"Białorusini muszą wiedzieć, że jesteśmy z nimi" - podkreśla poseł PiS Joanna Lichocka z sejmowej komisji spraw zagranicznych. W jej ocenie sytuacja w tym kraju wygląda bardzo niepokojąco po doniesieniach o śmierci jednej osoby i kolejnych nocnych rozruchach.
Lichocka mówiła dziś rano w Polskim Radiu 24, że potrzebne są kolejne wystąpienia ze strony krajów sąsiedzkich do mobilizowanie opinii publicznej Europy i świata do solidaryzowania się z Białorusią i podjęcia działań prowadzących do zakończenia eskalacji protestów.

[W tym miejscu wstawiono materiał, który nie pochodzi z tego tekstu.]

lemma Z_measurable: "1 \<le> s \<Longrightarrow> s \<le> t \<Longrightarrow> Z s \<in> borel_measurable (F t)"
  using measurable_from_subalg[OF F_mono Z_adapted[of "s - 1"]] by simp

lemma centered_sum_measurable: "centered_sum t \<in> borel_measurable (F t)"
  unfolding centered_sum_def[abs_def]
  by (intro borel_measurable_sum borel_measurable_diff borel_measurable_const Z_measurable) auto

lemma variance_proxy_measurable: "variance_proxy t \<in> borel_measurable (F t)"
  unfolding variance_proxy_def[abs_def]
  by (intro borel_measurable_sum borel_measurable_power borel_measurable_diff Z_measurable
      measurable_from_subalg[OF F_mono Zhat_adapted]) auto

lemma centered_sum_Suc: "centered_sum (Suc t) \<omega> = centered_sum t \<omega> + (Z (Suc t) \<omega> - \<mu> (Suc t))"
  unfolding centered_sum_def by simp

lemma variance_proxy_Suc: "variance_proxy (Suc t) \<omega> = variance_proxy t \<omega> + (Z (Suc t) \<omega> - Zhat t \<omega>)\<^sup>2"
  unfolding variance_proxy_def by simp
(* Let $G=(V,A)$, $\Xi$ and $\mathcal{S}^1$ be as in the context. Let $\bar{T}$ be a tree in the undirected graph $\bar{G}$ underlying $G$ with node set $\widetilde{\mathcal{I}}\subseteq V$, and let $l\in A$ be an arc that is incident to exactly one node of $\bar{T}$. Then for any partition $\widetilde{\mathcal{I}}_1,\widetilde{\mathcal{I}}_2$ of $\widetilde{\mathcal{I}}$ (i.e. $\widetilde{\mathcal{I}}_1\cap\widetilde{\mathcal{I}}_2=\emptyset$, $\widetilde{\mathcal{I}}_1\cup\widetilde{\mathcal{I}}_2=\widetilde{\mathcal{I}}$): (i) if $h(l)\in\widetilde{\mathcal{I}}$, then $[\{i^+\}_{i\in\widetilde{\mathcal{I}}_1},\{i^-\}_{i\in\widetilde{\mathcal{I}}_2}]$ is an EC\&R assignment for class-$l^+$; (ii) if $h(l)\in\widetilde{\mathcal{I}}$, then $[\{i^-\}_{i\in\widetilde{\mathcal{I}}_1},\{i^+\}_{i\in\widetilde{\mathcal{I}}_2}]$ is an EC\&R assignment for class-$l^-$; (iii) if $t(l)\in\widetilde{\mathcal{I}}$, then $[\{i^-\}_{i\in\widetilde{\mathcal{I}}_1},\{i^+\}_{i\in\widetilde{\mathcal{I}}_2}]$ is an EC\&R assignment for class-$l^+$; (iv) if $t(l)\in\widetilde{\mathcal{I}}$, then $[\{i^+\}_{i\in\widetilde{\mathcal{I}}_1},\{i^-\}_{i\in\widetilde{\mathcal{I}}_2}]$ is an EC\&R assignment for class-$l^-$.
   Context: $G=(V,A)$ is a directed network; its arcs are identified with $N=\{1,\dots,n\}$, $x_a$ is the flow on arc $a$, $t(a)$ and $h(a)$ are the tail and head of $a$, and $\delta^+(v),\delta^-(v)$ are the outgoing and incoming arcs of node $v$. $\Xi=\{x\in\mathbb{R}^n: Ex\ge f,\ 0\le x\le u\}$ where the rows $E_{t\cdot}x\ge f_t$, $t\in T$, are: for each $v\in V$, the positive flow-balance inequality (index $v^+$) $\sum_{a\in\delta^+(v)}x_a-\sum_{a\in\delta^-(v)}x_a\ge f_v$ and the negative flow-balance inequality (index $v^-$) $-\sum_{a\in\delta^+(v)}x_a+\sum_{a\in\delta^-(v)}x_a\ge -f_v$; $u$ is the capacity vector. $\mathcal{S}^1=\{(x,y_1,z)\in\Xi\times[0,1]\times\mathbb{R}^A : y_1x_k=z_k\ \forall k\in A\}$. EC\&R assignment (case of a single $y$ variable): a class is a pair $l\in A$ and sign $\sigma\in\{+,-\}$ (class-$l^\sigma$). A pair $[\mathcal{I}_1,\bar{\mathcal{I}}]$ of disjoint subsets of $T$ is an EC\&R assignment for class-$l^\sigma$ if there are positive weights $\gamma_t$ ($t\in\mathcal{I}_1$), $\theta_t$ ($t\in\bar{\mathcal{I}}$) such that, when one sums the base equality $y_1x_l-z_l=0$ multiplied by $+1$ (if $\sigma=+$) or $-1$ (if $\sigma=-$), the inequalities $\gamma_t\,y_1(E_{t\cdot}x-f_t)\ge 0$ for $t\in\mathcal{I}_1$, and $\theta_t(1-y_1)(E_{t\cdot}x-f_t)\ge0$ for $t\in\bar{\mathcal{I}}$, the following hold: (C1) at least $|\mathcal{I}_1|+|\bar{\mathcal{I}}|$ bilinear terms $y_1x_i$ are canceled (have coefficient zero in the sum although they appear in some summand); (C2) if $\mathcal{I}_1\cup\bar{\mathcal{I}}\neq\emptyset$, then for each constraint used in the sum (including the base equality), at least one of the bilinear terms created by multiplying it with its weight is canceled. *)

theory Defs
  imports Complex_Main
begin

(* Directed network: vertex set V, arc set A, tail tail, head head.
   Rows of E are indexed by (v, s): (v, Plus) is the positive flow-balance
   inequality v^+, (v, Minus) the negative one v^-. *)

datatype sgn = Plus | Minus

definition sgn_val :: "sgn \<Rightarrow> real" where
  "sgn_val s = (if s = Plus then 1 else -1)"

definition Ecoef :: "('a \<Rightarrow> 'v) \<Rightarrow> ('a \<Rightarrow> 'v) \<Rightarrow> ('v \<times> sgn) \<Rightarrow> 'a \<Rightarrow> real" where
  "Ecoef tail head r a =
     sgn_val (snd r) * ((if tail a = fst r then 1 else 0) - (if head a = fst r then 1 else 0))"

definition urel :: "('a \<Rightarrow> 'v) \<Rightarrow> ('a \<Rightarrow> 'v) \<Rightarrow> 'a set \<Rightarrow> ('v \<times> 'v) set" where
  "urel tail head F = {(tail a, head a) | a. a \<in> F} \<union> {(head a, tail a) | a. a \<in> F}"

definition is_tree :: "'a set \<Rightarrow> ('a \<Rightarrow> 'v) \<Rightarrow> ('a \<Rightarrow> 'v) \<Rightarrow> 'v set \<Rightarrow> 'a set \<Rightarrow> bool" where
  "is_tree A tail head I F \<longleftrightarrow>
     F \<subseteq> A \<and> I \<noteq> {} \<and>
     (\<forall>a\<in>F. tail a \<in> I \<and> head a \<in> I \<and> tail a \<noteq> head a) \<and>
     (\<forall>u\<in>I. \<forall>w\<in>I. (u, w) \<in> (urel tail head F)\<^sup>*) \<and>
     (\<forall>e\<in>F. (tail e, head e) \<notin> (urel tail head (F - {e}))\<^sup>*)"

(* Bilinear coefficient of y*x_i in each summand:
     base equality (times sigma):          sigma * [i = l]
     gamma_t * y * (E_t x - f_t):           gamma_t * E_{t,i}
     theta_t * (1-y) * (E_t x - f_t):       - theta_t * E_{t,i}            *)
definition base_coef :: "'a \<Rightarrow> sgn \<Rightarrow> 'a \<Rightarrow> real" where
  "base_coef l \<sigma> i = (if i = l then sgn_val \<sigma> else 0)"

definition ECR_assignment ::
  "'v set \<Rightarrow> 'a set \<Rightarrow> ('a \<Rightarrow> 'v) \<Rightarrow> ('a \<Rightarrow> 'v) \<Rightarrow> 'a \<Rightarrow> sgn
   \<Rightarrow> ('v \<times> sgn) set \<Rightarrow> ('v \<times> sgn) set \<Rightarrow> bool" where
  "ECR_assignment V A tail head l \<sigma> I1 Ib \<longleftrightarrow>
     I1 \<subseteq> V \<times> UNIV \<and> Ib \<subseteq> V \<times> UNIV \<and> I1 \<inter> Ib = {} \<and>
     (\<exists>\<gamma> \<theta> :: ('v \<times> sgn) \<Rightarrow> real.
        (\<forall>t\<in>I1. \<gamma> t > 0) \<and> (\<forall>t\<in>Ib. \<theta> t > 0) \<and>
        (let total = (\<lambda>i. base_coef l \<sigma> i + (\<Sum>t\<in>I1. \<gamma> t * Ecoef tail head t i)
                                         - (\<Sum>t\<in>Ib. \<theta> t * Ecoef tail head t i));
             appears = (\<lambda>i. base_coef l \<sigma> i \<noteq> 0
                              \<or> (\<exists>t\<in>I1. \<gamma> t * Ecoef tail head t i \<noteq> 0)
                              \<or> (\<exists>t\<in>Ib. - (\<theta> t * Ecoef tail head t i) \<noteq> 0));
             canceled = {i \<in> A. appears i \<and> total i = 0}
         in card canceled \<ge> card I1 + card Ib \<and>
            (I1 \<union> Ib \<noteq> {} \<longrightarrow>
               (\<exists>i\<in>canceled. base_coef l \<sigma> i \<noteq> 0) \<and>
               (\<forall>t\<in>I1. \<exists>i\<in>canceled. \<gamma> t * Ecoef tail head t i \<noteq> 0) \<and>
               (\<forall>t\<in>Ib. \<exists>i\<in>canceled. - (\<theta> t * Ecoef tail head t i) \<noteq> 0))))"

end

(* Take all multipliers equal to 1.  The rows of I1 (multiplied by y) and of I2 (multiplied by
   1 - y) have opposite signs, so together they contribute to y x_a plus or minus the net
   outflow of arc a from I.  This vanishes on every tree arc, both of whose ends lie in I, and
   on l it is +-1 and cancels the base term for the stated choice of signs.  Hence F and l are
   |F| + 1 >= |I| canceled terms, a connected graph on I having at least |I| - 1 edges; and
   every node of I is an end of l or of a tree arc, which gives condition (C2). *)

theory Submission
  imports Defs
begin

lemma rtrancl_Un_Image_subset:
  "(R \<union> Q)\<^sup>* `` S \<subseteq> R\<^sup>* `` (S \<union> Range Q)"
proof
  fix z assume "z \<in> (R \<union> Q)\<^sup>* `` S"
  then obtain s where "s \<in> S" and "(s, z) \<in> (R \<union> Q)\<^sup>*" by blast
  from this(2) show "z \<in> R\<^sup>* `` (S \<union> Range Q)"
  proof (induction rule: rtrancl_induct)
    case base
    show ?case using \<open>s \<in> S\<close> by blast
  next
    case (step y z)
    then show ?case by (blast intro: rtrancl_into_rtrancl)
  qed
qed

lemma rtrancl_Un_Image_subset_if_Domain_unreachable:
  assumes "Domain Q \<inter> R\<^sup>* `` S = {}"
  shows "(R \<union> Q)\<^sup>* `` S \<subseteq> R\<^sup>* `` S"
proof
  fix z assume "z \<in> (R \<union> Q)\<^sup>* `` S"
  then obtain s where "s \<in> S" and "(s, z) \<in> (R \<union> Q)\<^sup>*" by blast
  from this(2) show "z \<in> R\<^sup>* `` S"
  proof (induction rule: rtrancl_induct)
    case base
    show ?case using \<open>s \<in> S\<close> by blast
  next
    case (step y z)
    then show ?case using assms by (blast intro: rtrancl_into_rtrancl)
  qed
qed

lemma rtrancl_Image_insert_sym_edge:
  "\<exists>w. (R \<union> {(x, y), (y, x)})\<^sup>* `` S \<subseteq> R\<^sup>* `` (insert w S)"
proof (cases "x \<in> R\<^sup>* `` S \<or> y \<in> R\<^sup>* `` S")
  case True
  then obtain u w where uw: "{u, w} = {x, y}" "u \<in> R\<^sup>* `` S" by blast
  have "(R \<union> {(x, y), (y, x)})\<^sup>* `` S \<subseteq> R\<^sup>* `` (S \<union> {u, w})"
    using rtrancl_Un_Image_subset[of R "{(x, y), (y, x)}" S] uw(1) by auto
  also have "\<dots> \<subseteq> R\<^sup>* `` (insert w S)"
    using uw(2) by (blast intro: rtrancl_trans)
  finally show ?thesis ..
next
  case False
  then have "(R \<union> {(x, y), (y, x)})\<^sup>* `` S \<subseteq> R\<^sup>* `` S"
    by (intro rtrancl_Un_Image_subset_if_Domain_unreachable) auto
  then show ?thesis by blast
qed

lemma card_sym_rtrancl_Image_le:
  assumes "finite E" "finite S"
  shows "card ((E \<union> E\<inverse>)\<^sup>* `` S) \<le> card E + card S"
  using assms
proof (induction E arbitrary: S rule: finite_induct)
  case empty
  then show ?case by simp
next
  case (insert e E)
  obtain x y where e: "e = (x, y)" by fastforce
  have "insert e E \<union> (insert e E)\<inverse> = (E \<union> E\<inverse>) \<union> {(x, y), (y, x)}"
    unfolding e by auto
  moreover obtain w where "((E \<union> E\<inverse>) \<union> {(x, y), (y, x)})\<^sup>* `` S \<subseteq> (E \<union> E\<inverse>)\<^sup>* `` (insert w S)"
    using rtrancl_Image_insert_sym_edge[of "E \<union> E\<inverse>" x y S] by blast
  ultimately have "card ((insert e E \<union> (insert e E)\<inverse>)\<^sup>* `` S) \<le> card ((E \<union> E\<inverse>)\<^sup>* `` (insert w S))"
    using insert.hyps(1) insert.prems by (simp add: card_mono)
  also have "\<dots> \<le> card E + card (insert w S)"
    using insert.IH insert.prems by simp
  also have "\<dots> \<le> card (insert e E) + card S"
    using insert.hyps insert.prems by (simp add: card_insert_if)
  finally show ?case .
qed

lemma urel_eq_sym:
  "urel tail head F = (\<lambda>a. (tail a, head a)) ` F \<union> ((\<lambda>a. (tail a, head a)) ` F)\<inverse>"
  unfolding urel_def by auto
lemma sum_sigma2_norm_squared:
  fixes \<psi> :: "'a::{finite,field} \<Rightarrow> complex" and E F :: "('n::finite \<Rightarrow> 'a) set"
  assumes \<psi>: "add_char \<psi>"
  shows "(\<Sum>r\<in>UNIV. complex_of_real ((cmod (sigma2 \<psi> E F r))^2))
    = (\<Sum>p\<in>E \<times> F. \<Sum>p'\<in>E \<times> F. sphere_kernel \<psi> (fst p - snd p) (fst p' - snd p'))
        / (of_nat CARD('a) ^ CARD('n))^4"
proof -
  define c :: complex where "c = (of_nat CARD('a) ^ CARD('n))^2"
  define T where "T m = (\<Sum>p\<in>E \<times> F. \<psi> (dotp m (fst p - snd p)))" for m
  have sigma2_eq: "sigma2 \<psi> E F r = (\<Sum>m\<in>{m\<in>UNIV. normsq m = r}. T m) / c" for r
    unfolding sigma2_def cnj_fourier_ind_mult[OF \<psi>] T_def c_def by (simp add: sum_divide_distrib)
  have T_cnj: "(if normsq m = normsq m' then T m * cnj (T m') else 0) = (\<Sum>p\<in>E \<times> F. \<Sum>p'\<in>E \<times> F.
      if normsq m = normsq m' then \<psi> (dotp m (fst p - snd p) - dotp m' (fst p' - snd p')) else 0)" for m m'
    unfolding T_def cnj_sum sum_product add_char_diff[OF \<psi>] by simp
  have "(\<Sum>r\<in>UNIV. complex_of_real ((cmod (sigma2 \<psi> E F r))^2))
      = (\<Sum>r\<in>UNIV. (\<Sum>m\<in>{m\<in>UNIV. normsq m = r}. T m) * (\<Sum>m'\<in>{m'\<in>UNIV. normsq m' = r}. cnj (T m'))) / c^2"
    unfolding complex_norm_square sigma2_eq c_def
    by (simp add: sum_divide_distrib[symmetric] times_divide_times_eq power2_eq_square)
  also have "\<dots> = (\<Sum>m\<in>UNIV. \<Sum>m'\<in>UNIV. if normsq m = normsq m' then T m * cnj (T m') else 0) / c^2"
    by (simp only: sum_fibre_products finite)
  also have "\<dots> = (\<Sum>m\<in>UNIV. \<Sum>m'\<in>UNIV. \<Sum>p\<in>E \<times> F. \<Sum>p'\<in>E \<times> F.
      if normsq m = normsq m' then \<psi> (dotp m (fst p - snd p) - dotp m' (fst p' - snd p')) else 0) / c^2"
    unfolding T_cnj ..
  also have "\<dots> = (\<Sum>p\<in>E \<times> F. \<Sum>p'\<in>E \<times> F. sphere_kernel \<psi> (fst p - snd p) (fst p' - snd p')) / c^2"
    unfolding sphere_kernel_def by (subst sum_swap_nested) (rule refl)
  finally show ?thesis by (simp add: c_def power_mult[symmetric] mult.commute)
qed
(* Suppose the Low-Rank MDP satisfies $\eta$-feature coverage for some $\eta>0$: for all $h\in[H-1]$, $$\sup_{\pi\in\Pi_{\mathrm{M}}}\lambda_{\min}\big(\mathbb{E}^\pi[\phi^\star_h(x_h,a_h)\phi^\star_h(x_h,a_h)^\top]\big)\ge\eta.$$ Then the MDP satisfies $(\eta/2)^{3/2}$-reachability: for all $h\in\{2,\dots,H\}$ and $x\in\mathcal{X}_h$, $\sup_{\pi\in\Pi_{\mathrm{M}}}d^\pi(x)\ge(\eta/2)^{3/2}\|\mu^\star_h(x)\|$.
   Context: Setting (Low-Rank MDP). Fix horizon $H\in\mathbb{N}$, dimension $d\in\mathbb{N}$, a finite action set $\mathcal{A}$ with $|\mathcal{A}|=A$, and a measurable state space $\mathcal{X}=\mathcal{X}_1\sqcup\cdots\sqcup\mathcal{X}_H$ (disjoint layers) carrying a $\sigma$-finite measure $\nu$. The MDP $\mathcal{M}$ has an initial distribution $\rho$ on $\mathcal{X}_1$ and, for each $h\in[H-1]$, measurable maps $\phi^\star_h:\mathcal{X}_h\times\mathcal{A}\to\mathbb{R}^d$ and $\mu^\star_{h+1}:\mathcal{X}_{h+1}\to\mathbb{R}^d$ such that for every $(x,a)\in\mathcal{X}_h\times\mathcal{A}$ the function $x'\mapsto\mu^\star_{h+1}(x')^\top\phi^\star_h(x,a)$ is a probability density w.r.t. $\nu$ on $\mathcal{X}_{h+1}$; this density is the transition kernel $T_h(\cdot\mid x,a)$. $\Pi_{\mathrm{M}}$ denotes the set of randomized Markov policies $\pi:\mathcal{X}\to\Delta(\mathcal{A})$; an episode under $\pi$ draws $x_1\sim\rho$, $a_h\sim\pi(x_h)$, $x_{h+1}\sim T_h(\cdot\mid x_h,a_h)$, and $\mathbb{P}^\pi,\mathbb{E}^\pi$ denote the law and expectation of the trajectory. For $h\ge2$ and $x\in\mathcal{X}_h$, $d^\pi(x)$ denotes the density w.r.t. $\nu$ of the law of $x_h$ under $\pi$ (so $d^\pi(x)=\mu^\star_h(x)^\top\mathbb{E}^\pi[\phi^\star_{h-1}(x_{h-1},a_{h-1})]$). Normalization: $\|\phi^\star_h(x,a)\|\le 1$ for all $h,x,a$. Here $\|\cdot\|$ is the Euclidean norm and $\lambda_{\min}$ the smallest eigenvalue. *)

theory Defs
  imports "HOL-Analysis.Analysis" "HOL-Probability.Probability"
begin

text \<open>Layered state space: a single measure space nu on states of type 's,
 with a measurable layer map; layer h is X_h = {x. lay x = h}.\<close>

definition layer_set :: "('s \<Rightarrow> nat) \<Rightarrow> nat \<Rightarrow> 's set" where
  "layer_set lay h = {x. lay x = h}"

definition markov_policies :: "'s measure \<Rightarrow> ('s \<Rightarrow> 'a pmf) set" where
  "markov_policies nu = {pol. \<forall>a. (\<lambda>x. pmf (pol x) a) \<in> borel_measurable nu}"

definition feat_mean_of ::
  "'s measure \<Rightarrow> (nat \<Rightarrow> 's \<Rightarrow> 'a::finite \<Rightarrow> real^'d) \<Rightarrow> ('s \<Rightarrow> 'a pmf) \<Rightarrow> nat \<Rightarrow> real^'d" where
  "feat_mean_of M phi pol h = (\<integral>x. (\<Sum>a\<in>UNIV. pmf (pol x) a *\<^sub>R phi h x a) \<partial>M)"

fun state_law ::
  "'s measure \<Rightarrow> 's measure \<Rightarrow> ('s \<Rightarrow> nat) \<Rightarrow> (nat \<Rightarrow> 's \<Rightarrow> real^'d)
   \<Rightarrow> (nat \<Rightarrow> 's \<Rightarrow> 'a::finite \<Rightarrow> real^'d) \<Rightarrow> ('s \<Rightarrow> 'a pmf) \<Rightarrow> nat \<Rightarrow> 's measure" where
  "state_law nu rho lay mu phi pol 0 = rho"
| "state_law nu rho lay mu phi pol (Suc 0) = rho"
| "state_law nu rho lay mu phi pol (Suc (Suc h)) =
     density nu (\<lambda>x'. ennreal (indicator (layer_set lay (Suc (Suc h))) x' *
        (mu (Suc (Suc h)) x' \<bullet> feat_mean_of (state_law nu rho lay mu phi pol (Suc h)) phi pol (Suc h))))"
definition pyramid :: "(int \<times> nat) set \<Rightarrow> bool" where
  "pyramid C \<longleftrightarrow> {p \<in> C. snd p = 0} = {(0, 0)}"

end

theory Submission
  imports Defs
begin

text \<open>Heaps are characterised intrinsically: finitely many placed pieces such that concurrent
  pieces lie on distinct levels and every piece above the axis rests on a concurrent piece one
  level lower. Pushing a new piece r under a heap and letting everything settle is inverse to
  removing the base piece r and letting the rest settle. Hence the heaps with n + 1 pieces whose
  base lies in the window [l, r], r = l + w, and contains r correspond to the heaps with n pieces
  whose base lies in [min l (r - a + 1), r + a). The resulting recursion for the number of heaps
  with base in a window of width w is solved by binomial (a n + w - a) n for w \<ge> a. A pyramid
  is a heap with base in the window {0}, whose first step widens the window to width 2a - 1,
  which gives binomial (a m - 1) (m - 1).\<close>

section \<open>Heaps as configurations\<close>

lemma concurrent_iff: "concurrent a s t \<longleftrightarrow> \<bar>s - t\<bar> < int a"
proof
  assume "concurrent a s t"
  then obtain x where "x \<in> {real_of_int s <..< real_of_int s + real a}"
    "x \<in> {real_of_int t <..< real_of_int t + real a}"
    unfolding concurrent_def by blast
  then have "real_of_int s < real_of_int t + real a" "real_of_int t < real_of_int s + real a"
    by auto
  then show "\<bar>s - t\<bar> < int a" by linarith
next
  assume "\<bar>s - t\<bar> < int a"
  then have "real_of_int (max s t) + 1/2 \<in> {real_of_int s <..< real_of_int s + real a}
      \<inter> {real_of_int t <..< real_of_int t + real a}"
    by (auto simp: max_def)
  then show "concurrent a s t" unfolding concurrent_def by blast
qed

W rozmowie z redaktor Dorotą Kanią dodała, że dziś na Łotwie będzie polski minister spraw zagranicznych Jacek Czaputowicz i wspólnie z szefem MSZ Łotwy mają wydać oświadczenie w sprawie sytuacji po białoruskich wyborach prezydenckich.
Przypomniała, że premier Mateusz Morawiecki zwrócił się o zwołanie nadzwyczajnego szczytu europejskiego w sprawie Białorusi. "Na razie niespiesznie elity europejskie się do tego skłaniają" - oceniła. Jej zdaniem, Polska musi intensywną pracą dyplomatyczną pokazać, że Unia Europejska nie może być bierna w tej sprawie.
Zdaniem Lichockiej, po naszych doświadczeniach z końca lat 80-tych, trzeba okazywać solidarność Białorusinom walczącym o wolność, demokrację i praworządność.